A survey of OPD facilities is being undertaken to ensure ‘panic buttons’ or their equivalent are available in all offices used by NCHDs. The Mental Health Services were requested to arrange for a safety audit to be carried out in their area, including remedial actions/time frames for resolution and feedback.
“However, response rate and detail was poor, so the HSE are communicating again with locations to ensure that comprehensive time-bound action plans are in place,” states the document.
Most of the recommendations have only been partly implemented. In the document, these are marked either as ‘amber’ only, or else ‘amber/green’.
These include recommendations on: Protecting training time; the development of mentoring supports and systems across all training programmes; bringing training time in line with international norms; establishing a national implementation plan for non-core task implementation; and removing the current barriers to the establishment of GP practices on completion of specialist training, as well as many others.
“A number of issues were raised during this review process that highlighted the requirement for the Implementation Monitoring Group to work with the HSE to clarify cross-sector governance and programme management issues, with a focus on MacCraith programme outcomes and benefits realisation,” according to the document.”

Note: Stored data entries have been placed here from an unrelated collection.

lemma spatial_rotation_square_mem:
  assumes "k = 2 \<or> k = 3" and "p\<^sup>2 + q\<^sup>2 = 1" and "x \<in> \<Lambda>"
  shows "spatial_rotation k p q (spatial_rotation k p q x) \<in> \<Lambda>"
  by (rule self_compose_mem[OF linear_spatial_rotation
        spatial_rotation_preserves_lorentz_form[OF assms(1,2)]
        spatial_rotation_preserves_future_timelike[OF assms(1,2)] assms(3)])

lemma quarter_turn_mem:
  assumes "k = 2 \<or> k = 3" and "x \<in> \<Lambda>"
  shows "(\<chi> i. if i = 1 then - x$k else if i = k then x$1 else x$i) \<in> \<Lambda>"
proof -
  have "(sqrt 2 / 2)\<^sup>2 + (sqrt 2 / 2)\<^sup>2 = (1::real)"
    by (simp add: power_divide)
  from spatial_rotation_square_mem[OF assms(1) this assms(2)] show ?thesis
    by (simp only: spatial_rotation_square_quarter_turn[OF assms(1)])
qed

lemma lorentz_boost_square_mem:
  assumes a: "a\<^sup>2 = 1 + c\<^sup>2" "a > 0" and "x \<in> \<Lambda>"
  shows "lorentz_boost c a 1 (lorentz_boost c a 1 x) \<in> \<Lambda>"
proof -
  have boost: "a\<^sup>2 - c\<^sup>2 * 1\<^sup>2 = 1"
    using a(1) by simp
  show ?thesis
    by (rule self_compose_mem[OF linear_lorentz_boost lorentz_boost_preserves_lorentz_form[OF boost]
          lorentz_boost_preserves_future_timelike[OF boost a(2)] assms(3)])
qed

lemma coordinate_plane_part_scaleR_mem:
  assumes k: "k = 2 \<or> k = 3" and y: "y \<in> \<Lambda>"
  shows "t *\<^sub>R coordinate_plane_part k y \<in> \<Lambda>"
proof (rule additive_subgroup_scaleR_if_unit_interval[OF subgroup])
  fix s :: real
  assume "0 \<le> s" "s \<le> 1"
  define q where "q = sqrt s / 2"
  have q: "4 * q\<^sup>2 = s" "q\<^sup>2 \<le> 1"
    using \<open>0 \<le> s\<close> \<open>s \<le> 1\<close> by (simp_all add: q_def power_divide)
  define p where "p = sqrt (1 - q\<^sup>2)"
  have pq: "p\<^sup>2 + q\<^sup>2 = 1" "p\<^sup>2 + (- q)\<^sup>2 = 1"
    using q(2) by (simp_all add: p_def)
  have "spatial_rotation k p q (spatial_rotation k p q y)
      + spatial_rotation k p (- q) (spatial_rotation k p (- q) y) - 2 *\<^sub>R y \<in> \<Lambda>"
    using spatial_rotation_square_mem[OF k pq(1) y] spatial_rotation_square_mem[OF k pq(2) y] y
    unfolding scaleR_2 by (meson additive_subgroup_add additive_subgroup_diff subgroup)
  then have "- (s *\<^sub>R coordinate_plane_part k y) \<in> \<Lambda>"
    by (simp add: spatial_rotation_square_symmetrized[OF k pq(1)] q(1))
  then show "s *\<^sub>R coordinate_plane_part k y \<in> \<Lambda>"
    using additive_subgroup_minus[OF subgroup] by fastforce
qed

lemma ex_mem_first_coordinate_nonzero:
  assumes "x \<in> \<Lambda>" and "x \<noteq> 0"
  shows "\<exists>y\<in>\<Lambda>. y$1 \<noteq> 0"
proof -
  consider "x$1 \<noteq> 0" | k where "k = 2 \<or> k = 3" "x$k \<noteq> 0" | "x$1 = 0" "x$4 \<noteq> 0"
    using assms(2) by (metis vec4_eq_iff zero_index)
  then show ?thesis
  proof cases
    case 1
    then show ?thesis
      using assms(1) by blast
  next
    case (2 k)
    show ?thesis
      by (rule bexI[OF _ quarter_turn_mem[OF 2(1) assms(1)]]) (simp add: 2(2))
  next
    case 3
    define a where "a = sqrt (1 + c\<^sup>2)"
    have a: "a\<^sup>2 = 1 + c\<^sup>2" "a > 0"
      by (simp_all add: a_def add_pos_nonneg)
    show ?thesis
      by (rule bexI[OF _ lorentz_boost_square_mem[OF a assms(1)]]) (use 3 a(2) c_pos in simp)
  qed
qed

lemma first_axis_line_mem:
  assumes "x \<in> \<Lambda>" and "x \<noteq> 0"
  shows "t *\<^sub>R axis 1 1 \<in> \<Lambda>"
proof -
  obtain y where y: "y \<in> \<Lambda>" "y$1 \<noteq> 0"
    using ex_mem_first_coordinate_nonzero[OF assms] by blast
  have "coordinate_plane_part 2 y \<in> \<Lambda>"
    using coordinate_plane_part_scaleR_mem[of 2 y 1] y(1) by simp
  then have "(t / y$1) *\<^sub>R coordinate_plane_part 3 (coordinate_plane_part 2 y) \<in> \<Lambda>"
    by (intro coordinate_plane_part_scaleR_mem) simp_all
  moreover have "(t / y$1) *\<^sub>R coordinate_plane_part 3 (coordinate_plane_part 2 y) = t *\<^sub>R axis 1 1"
    using y(2) by (simp add: coordinate_plane_part_def vec4_eq_iff axis_def)
  ultimately show ?thesis
    by simp
qed

lemma axis_line_mem:
  assumes "x \<in> \<Lambda>" and "x \<noteq> 0"
  shows "t *\<^sub>R axis i 1 \<in> \<Lambda>"
proof -
  note e1 = first_axis_line_mem[OF assms]
  consider "i = 1" | "i = 2 \<or> i = 3" | "i = 4"
    using exhaust_4 by blast
  then show ?thesis
  proof cases
    case 1
    then show ?thesis
      using e1 by simp
  next
    case 2
    define e :: "real^4" where "e = t *\<^sub>R axis 1 1"
    have "(\<chi> j. if j = 1 then - e$i else if j = i then e$1 else e$j) = t *\<^sub>R axis i 1"
      using 2 by (elim disjE) (simp_all add: e_def vec4_eq_iff axis_def)
    then show ?thesis
      using quarter_turn_mem[OF 2 e1[of t, folded e_def]] by simp
  next
    case 3
    define a where "a = sqrt (1 + c\<^sup>2)"
    have a: "a\<^sup>2 = 1 + c\<^sup>2" "a > 0"
      by (simp_all add: a_def add_pos_nonneg)
    define u where "u = t / (2 * a)"
    have "lorentz_boost c a 1 (lorentz_boost c a 1 (u *\<^sub>R axis 1 1))
        - ((a\<^sup>2 + c\<^sup>2) * u) *\<^sub>R axis 1 1 \<in> \<Lambda>" (is "?v \<in> \<Lambda>")
      by (intro additive_subgroup_diff[OF subgroup] lorentz_boost_square_mem[OF a] e1)
    moreover have "?v = t *\<^sub>R axis 4 1"
      using a(2) by (simp add: vec4_eq_iff axis_def u_def field_simps power2_eq_square)
    ultimately show ?thesis
      using 3 by simp
  qed
qed

lemma eq_UNIV_if_nonzero_mem:
  assumes "x \<in> \<Lambda>" and "x \<noteq> 0"
  shows "\<Lambda> = UNIV"
proof -
  have "(\<Sum>i\<in>UNIV. v$i *\<^sub>R axis i 1) \<in> \<Lambda>" for v :: "real^4"
    by (intro additive_subgroup_sum[OF subgroup] axis_line_mem[OF assms])
  then show ?thesis
    by (auto simp: basis_expansion simp flip: scalar_mult_eq_scaleR)
qed

end

theorem proposition3p8:
  fixes c :: real and \<Lambda> :: "(real^4) set"
  assumes "c > 0"
    and "additive_subgroup \<Lambda>"
    and "\<And>L x. L \<in> proper_orthochronous_lorentz c \<Longrightarrow> x \<in> \<Lambda> \<Longrightarrow> L *v x \<in> \<Lambda>"
  shows "\<Lambda> = {0} \<or> \<Lambda> = UNIV"
proof -
  interpret lorentz_invariant_subgroup c \<Lambda>
    using assms by unfold_locales
  have "0 \<in> \<Lambda>"
    using assms(2) by (simp add: additive_subgroup_def)
  then show ?thesis
    using eq_UNIV_if_nonzero_mem by blast
qed

end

“The IMG, at its November 2016 meeting, supported the PHSI’s proposal to prioritise in 2017 certain agreed recommendations, and noted that the HSE’s Reform Leadership Team has assumed responsibility for the implementation of the MacCraith recommendations that fall under the remit of the Executive. The programmatic approach now being adopted will focus more closely on governance. It will also focus on delivering improvements in the working and training environment, particularly in relation to the priority areas. Under the programme, therefore, there will be a strengthened commitment to the implementation of the relevant recommendations.”
However, the immediate past President of the IMO, Dr John Duddy, suggested to the Medical Independent (MI) that perhaps the MacCraith process has now outlived its usefulness.

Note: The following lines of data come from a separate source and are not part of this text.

lemma lyndon_rotate_exists:
  fixes w :: "'a::linorder list"
  assumes "w \<noteq> []" and inj: "inj_on (\<lambda>k. rotate k w) {..<length w}"
  obtains k where "k < length w" "lyndon (rotate k w)"
proof -
  let ?R = "(\<lambda>k. rotate k w) ` {..<length w}"
  have "finite ?R" "?R \<noteq> {}" using assms(1) by auto
  then have "Min ?R \<in> ?R" by (rule Min_in)
  then obtain k where k: "k < length w" "rotate k w = Min ?R" by auto
  have min: "rotate k w \<le> rotate l w" if "l < length w" for l
    using k(2) that by simp
  have "rotate k w < rotate d (rotate k w)" if "0 < d" "d < length w" for d
  proof -
    have "rotate d (rotate k w) = rotate ((d + k) mod length w) w"
      by (metis rotate_conv_mod rotate_rotate)
    moreover have "(d + k) mod length w \<noteq> k"
      using that k(1) by (cases "d + k < length w") (auto simp: mod_if)
    then have "rotate ((d + k) mod length w) w \<noteq> rotate k w"
      using inj_onD[OF inj] k(1) assms(1) by fastforce
    ultimately show ?thesis using min assms(1) by (simp add: order_le_neq_trans)
  qed
  then have "lyndon (rotate k w)" unfolding lyndon_def lex_less_iff_less using assms(1) by simp
  then show ?thesis using k(1) that by blast
qed

lemma periodic_mult:
  fixes f :: "nat \<Rightarrow> 'a"
  shows "(\<And>x. f (x + a) = f x) \<Longrightarrow> f (x + a * m) = f x"
proof (induction m)
  case (Suc m)
  then show ?case by (metis add.assoc mult_Suc_right add.commute)
qed simp

lemma periodic_gcd:
  fixes f :: "nat \<Rightarrow> 'a"
  assumes "\<And>x. f (x + a) = f x" "\<And>x. f (x + b) = f x" "a \<noteq> 0"
  shows "f (x + gcd a b) = f x"
proof -
  obtain s t where st: "a * s = b * t + gcd a b" using bezout_nat[OF assms(3)] by blast
  have "f (x + gcd a b) = f (x + gcd a b + b * t)" using periodic_mult assms(2) by metis
  also have "\<dots> = f (x + a * s)" using st by (simp add: add.commute add.left_commute)
  also have "\<dots> = f x" using periodic_mult assms(1) by metis
  finally show ?thesis .
qed

definition cyclic_nth :: "'a list \<Rightarrow> nat \<Rightarrow> 'a" where
  "cyclic_nth u r = u ! (r mod length u)"

lemma cyclic_nth_add_mult_length: "cyclic_nth u (r + length u * m) = cyclic_nth u r"
  by (simp add: cyclic_nth_def)

lemma nth_rotate_eq_cyclic_nth: "t < length u \<Longrightarrow> rotate k u ! t = cyclic_nth u (k + t)"
  by (simp add: cyclic_nth_def nth_rotate)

“I would personally question how long the process needs to go on,” said Dr Duddy.
“I think it needs to be re-evaluated. We have to look back to why the MacCraith review was introduced in the first place. It was initiated to provide political cover to [the former Minister for Health] James Reilly to have a mechanism to restore consultant pay, essentially. I would argue as well that some of the recommendations in the report were things that the HSE and the Department of Health were going to do anyway. The process has been going on for over four years now and I personally think it has outlived its usefulness.”
Dr John Duddy
Dr Duddy pointed out that many recommendations, such as having resources for newly-appointed consultants, have not been implemented.

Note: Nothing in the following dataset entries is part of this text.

lemma bucket_rounding_error:
  fixes lo h \<Phi>\<^sub>1 \<Phi>\<^sub>2 :: real and Z :: "real poly"
  assumes h: "h > 0" and "\<Phi>\<^sub>1 \<ge> 0" and nonempty: "ps \<noteq> []"
    and range: "\<forall>u\<in>set ps. lo \<le> u \<and> u \<le> lo + h"
    and smooth2: "\<forall>us. (\<forall>u\<in>set us. lo \<le> u \<and> u \<le> lo + h) \<longrightarrow> length us + 2 = length ps
         \<longrightarrow> l1_norm (fin_diff * fin_diff * Z * bern_prod us) \<le> \<Phi>\<^sub>2"
    and smooth1: "\<forall>us. (\<forall>u\<in>set us. lo \<le> u \<and> u \<le> lo + h) \<longrightarrow> length us + 1 = length ps
         \<longrightarrow> l1_norm (fin_diff * Z * bern_prod us) \<le> \<Phi>\<^sub>1"
    and m: "m = nat \<lfloor>sum_list (map (\<lambda>x. x - lo) ps) / h\<rfloor>"
  shows "m \<le> length ps \<and>
    l1_norm (Z * (bern_prod ps - bern (lo+h) ^ m * bern lo ^ (length ps - m)))
      \<le> real (length ps - 1) * h^2 * \<Phi>\<^sub>2 + h * \<Phi>\<^sub>1"
proof -
  obtain a rest where ps: "ps = a # rest" using nonempty by (cases ps) auto
  obtain g b where gb: "g \<le> length rest" "lo \<le> b" "b \<le> lo + h"
      "real g * h + (b - lo) = sum_list (map (\<lambda>x. x - lo) ps)"
    and carried: "l1_norm (Z * (bern_prod ps - bern (lo+h) ^ g * bern lo ^ (length rest - g) * bern b))
          \<le> real (length rest) * h^2 * \<Phi>\<^sub>2"
    using bucket_carry[OF h, where lo = lo and a = a and ps = rest and Z = Z and \<Phi> = "\<Phi>\<^sub>2"] range smooth2
    unfolding ps by auto
  have quotient: "sum_list (map (\<lambda>x. x - lo) ps) / h = real g + (b - lo) / h"
    using gb(4) h by (simp add: field_simps)
  show ?thesis
  proof (cases "b = lo + h")
    case True
    hence "m = Suc g" unfolding m quotient using h by simp
    hence "bern (lo+h) ^ m * bern lo ^ (length ps - m)
        = bern (lo+h) ^ g * bern lo ^ (length rest - g) * bern b"
      using True gb(1) ps by (simp add: mult_ac)
    hence "l1_norm (Z * (bern_prod ps - bern (lo+h) ^ m * bern lo ^ (length ps - m)))
        \<le> real (length rest) * h^2 * \<Phi>\<^sub>2"
      using carried by (simp only:)
    moreover have "0 \<le> h * \<Phi>\<^sub>1" using h assms(2) by simp
    ultimately show ?thesis using \<open>m = Suc g\<close> gb(1) ps by simp
  next
    case False
    hence "\<lfloor>real g + (b - lo) / h\<rfloor> = int g" using gb h by (simp add: floor_eq_iff)
    hence mg: "m = g" unfolding m quotient by simp
    define us where "us = replicate g (lo+h) @ replicate (length rest - g) lo"
    have us: "\<forall>u\<in>set us. lo \<le> u \<and> u \<le> lo + h" "length us + 1 = length ps"
      using h gb(1) ps unfolding us_def by auto
    have endpoints: "bern (lo+h) ^ m * bern lo ^ (length ps - m) = bern_prod us * bern lo"
      "bern (lo+h) ^ g * bern lo ^ (length rest - g) * bern b = bern_prod us * bern b"
      using mg gb(1) ps unfolding us_def by (simp_all add: bern_prod_append bern_prod_replicate Suc_diff_le)
    have "(b - lo) * l1_norm (fin_diff * Z * bern_prod us) \<le> (b - lo) * \<Phi>\<^sub>1"
      using smooth1 us gb(2) by (intro mult_left_mono) auto
    hence "l1_norm (Z * (bern_prod ps - bern (lo+h) ^ m * bern lo ^ (length ps - m)))
        \<le> real (length rest) * h^2 * \<Phi>\<^sub>2 + (b - lo) * \<Phi>\<^sub>1"
      using l1_norm_lower_remainder[OF gb(2), of Z "bern_prod ps" "bern_prod us"] carried
      unfolding endpoints by linarith
    also have "(b - lo) * \<Phi>\<^sub>1 \<le> h * \<Phi>\<^sub>1" using gb(3) assms(2) by (intro mult_right_mono) auto
    finally show ?thesis using mg gb(1) ps by simp
  qed
qed


section \<open>Rounding all buckets\<close>

text \<open>Hybrid argument: replace the factors \<open>P j\<close> by \<open>Q j\<close> one index at a time.  Each
  intermediate difference is a mixed product of \<open>P\<close>'s and \<open>Q\<close>'s times \<open>P j - Q j\<close>.\<close>
lemma l1_norm_hybrid_telescope:
  fixes P Q :: "nat \<Rightarrow> real poly"
  assumes "finite J"
    and "\<forall>j\<in>J. \<forall>J1. J1 \<subseteq> J - {j} \<longrightarrow>
           l1_norm (Z * prod P J1 * prod Q (J - {j} - J1) * (P j - Q j)) \<le> cost j"
  shows "l1_norm (Z * (prod P J - prod Q J)) \<le> sum cost J"
  using assms
proof (induction J arbitrary: Z rule: finite_induct)
  case empty thus ?case by simp
next
  case (insert a J)
  have first: "l1_norm (Z * prod P J * (P a - Q a)) \<le> cost a"
  proof -
    have "insert a J - {a} - J = {}" by auto
    thus ?thesis using insert.prems[rule_format, of a J] insert.hyps by auto
  qed
  have rest: "l1_norm ((Z * Q a) * (prod P J - prod Q J)) \<le> sum cost J"
  proof (rule insert.IH, intro ballI allI impI)
    fix j J1 assume j: "j \<in> J" and J1: "J1 \<subseteq> J - {j}"
    have "insert a J - {j} - J1 = insert a (J - {j} - J1)" using j J1 insert.hyps by auto
    moreover have "J1 \<subseteq> insert a J - {j}" using J1 by auto
    ultimately show "l1_norm (Z * Q a * prod P J1 * prod Q (J - {j} - J1) * (P j - Q j)) \<le> cost j"
      using insert.prems[rule_format, of j J1] insert.hyps j by (simp add: mult_ac)
  qed
  have "Z * (prod P (insert a J) - prod Q (insert a J))
      = Z * prod P J * (P a - Q a) + (Z * Q a) * (prod P J - prod Q J)"
    using insert.hyps by (simp add: algebra_simps)
  hence "l1_norm (Z * (prod P (insert a J) - prod Q (insert a J)))
       \<le> l1_norm (Z * prod P J * (P a - Q a)) + l1_norm ((Z * Q a) * (prod P J - prod Q J))"
    by (simp add: l1_norm_add)
  also have "\<dots> \<le> cost a + sum cost J" using first rest by simp
  finally show ?case using insert.hyps by simp
qed

lemma set_upt_Suc: "set [1..<Suc L] = {1..L}"
  by auto

lemma bern_prod_map_upt: "bern_prod (map f [1..<Suc L]) = (\<Prod>r\<in>{1..L}. bern (f r))"
proof -
  have "(\<Prod>r\<in>set [1..<Suc L]. bern (f r)) = prod_list (map (\<lambda>r. bern (f r)) [1..<Suc L])"
    by (rule prod.distinct_set_conv_list) simp
  thus ?thesis unfolding set_upt_Suc bern_prod_def by (simp add: o_def)
qed

lemma sum_list_map_upt: "sum_list (map f [1..<Suc L]) = (\<Sum>r\<in>{1..L}. (f r :: real))"
  unfolding set_upt_Suc[symmetric] by (rule sum.distinct_set_conv_list[symmetric]) simp

lemma prod_threshold:
  fixes X Y :: "'a::comm_monoid_mult"
  assumes "m \<le> L"
  shows "(\<Prod>r\<in>{1..L}. if r \<le> m then X else Y) = X ^ m * Y ^ (L - m)"
proof -
  have "(\<Prod>r\<in>{1..L}. if r \<le> m then X else Y)
      = (\<Prod>r\<in>{1..L} \<inter> {r. r \<le> m}. X) * (\<Prod>r\<in>{1..L} \<inter> - {r. r \<le> m}. Y)"
    by (rule prod.If_cases) simp
  moreover have "{1..L} \<inter> {r. r \<le> m} = {1..m}" using assms by auto
  moreover have "{1..L} \<inter> - {r. r \<le> m} = {m+1..L}" by auto
  ultimately show ?thesis by simp
qed

locale bucket_rounding =
  fixes J :: "nat set" and I :: "nat \<Rightarrow> nat set" and lo :: "nat \<Rightarrow> real" and h c :: real
    and p q :: "nat \<Rightarrow> real" and enum :: "nat \<Rightarrow> nat \<Rightarrow> nat"
  assumes finite_J: "finite J"
    and finite_I: "\<And>j. j \<in> J \<Longrightarrow> finite (I j)"
    and disjoint: "\<And>j j'. j \<in> J \<Longrightarrow> j' \<in> J \<Longrightarrow> j \<noteq> j' \<Longrightarrow> I j \<inter> I j' = {}"
    and h_pos: "0 < h" and c_pos: "0 < c" and c_less: "c < 1/2"
    and bucket_inside: "\<And>j x. j \<in> J \<Longrightarrow> lo j \<le> x \<Longrightarrow> x \<le> lo j + h \<Longrightarrow> c \<le> x \<and> x \<le> 1 - c"
    and p_in_bucket: "\<And>j i. j \<in> J \<Longrightarrow> i \<in> I j \<Longrightarrow> lo j \<le> p i \<and> p i \<le> lo j + h"
    and enum_bij: "\<And>j. j \<in> J \<Longrightarrow> bij_betw (enum j) {1..card (I j)} (I j)"
    and q_rounded: "\<And>j r. j \<in> J \<Longrightarrow> r \<in> {1..card (I j)} \<Longrightarrow>
       q (enum j r) = (if r \<le> nat \<lfloor>(\<Sum>i\<in>I j. p i - lo j) / h\<rfloor> then lo j + h else lo j)"
begin

definition rounded_up :: "nat \<Rightarrow> nat" where
  "rounded_up j = nat \<lfloor>(\<Sum>i\<in>I j. p i - lo j) / h\<rfloor>"

definition total :: nat where
  "total = card (\<Union>(I ` J))"

lemma q_in_bucket:
  assumes "j \<in> J" "i \<in> I j"
  shows "lo j \<le> q i \<and> q i \<le> lo j + h"
proof -
  obtain r where "r \<in> {1..card (I j)}" "enum j r = i"
    using enum_bij[OF assms(1)] assms(2) unfolding bij_betw_def by (metis imageE)
  thus ?thesis using q_rounded[OF assms(1)] h_pos by auto
qed

lemma p_q_smooth: "j \<in> J \<Longrightarrow> i \<in> I j \<Longrightarrow> c \<le> p i \<and> p i \<le> 1 - c \<and> c \<le> q i \<and> q i \<le> 1 - c"
  using bucket_inside p_in_bucket q_in_bucket by blast

lemma sub_family:
  assumes "J' \<subseteq> J"
  shows "finite J'" "\<forall>j\<in>J'. finite (I j)" "\<forall>j\<in>J'. \<forall>j'\<in>J'. j \<noteq> j' \<longrightarrow> I j \<inter> I j' = {}"
  using assms finite_J finite_I disjoint by (auto intro: finite_subset) blast

lemma p_q_probabilities:
  assumes "i \<in> \<Union>(I ` J)"
  shows "0 \<le> p i \<and> p i \<le> 1 \<and> 0 \<le> q i \<and> q i \<le> 1"
proof -
  obtain j where "j \<in> J" "i \<in> I j" using assms by blast
  from p_q_smooth[OF this] c_pos c_less show ?thesis by linarith
qed

lemma prod_over_buckets:
  "J' \<subseteq> J \<Longrightarrow> (\<Prod>i\<in>\<Union>(I ` J'). f i) = (\<Prod>j\<in>J'. \<Prod>i\<in>I j. f i)"
  using sub_family by (rule prod.UNION_disjoint)

lemma card_over_buckets: "J' \<subseteq> J \<Longrightarrow> card (\<Union>(I ` J')) = (\<Sum>j\<in>J'. card (I j))"
  using sub_family by (rule card_UN_disjoint)

lemma total_split:
  assumes j: "j \<in> J" and J1: "J1 \<subseteq> J - {j}"
  shows "total = card (I j) + card (\<Union>(I ` J1)) + card (\<Union>(I ` (J - {j} - J1)))"
proof -
  define J2 where "J2 = J - {j} - J1"
  have J: "J = insert j (J1 \<union> J2)" "j \<notin> J1 \<union> J2" "J1 \<inter> J2 = {}"
    using j J1 unfolding J2_def by auto
  have sub: "J1 \<subseteq> J" "J2 \<subseteq> J" using J(1) by auto
  have fin: "finite J1" "finite J2" using sub_family[OF sub(1)] sub_family[OF sub(2)] by simp_all
  have "total = (\<Sum>b\<in>insert j (J1 \<union> J2). card (I b))"
    unfolding total_def card_over_buckets[OF order_refl] using J(1) by simp
  also have "\<dots> = card (I j) + (\<Sum>b\<in>J1 \<union> J2. card (I b))"
    using J(2) fin by (simp add: sum.insert)
  also have "(\<Sum>b\<in>J1 \<union> J2. card (I b)) = (\<Sum>b\<in>J1. card (I b)) + (\<Sum>b\<in>J2. card (I b))"
    using fin J(3) by (rule sum.union_disjoint)
  finally show ?thesis
    using card_over_buckets[OF sub(1)] card_over_buckets[OF sub(2)] unfolding J2_def by simp
qed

“A lot of the recommendations are agreed by everybody nationally,” he told MI. “The IMO agrees it is a good idea, HSE HR agrees it is a good idea, but translating that to actual action on the ground by individual HR departments or medical administration departments in hospitals is the key to making them meaningful. I don’t think ensuring a consultant has an office and computer when they start work is something that national HR in the HSE should be thinking about, that should require a change in mindset locally in every hospital that appoints new consultants.”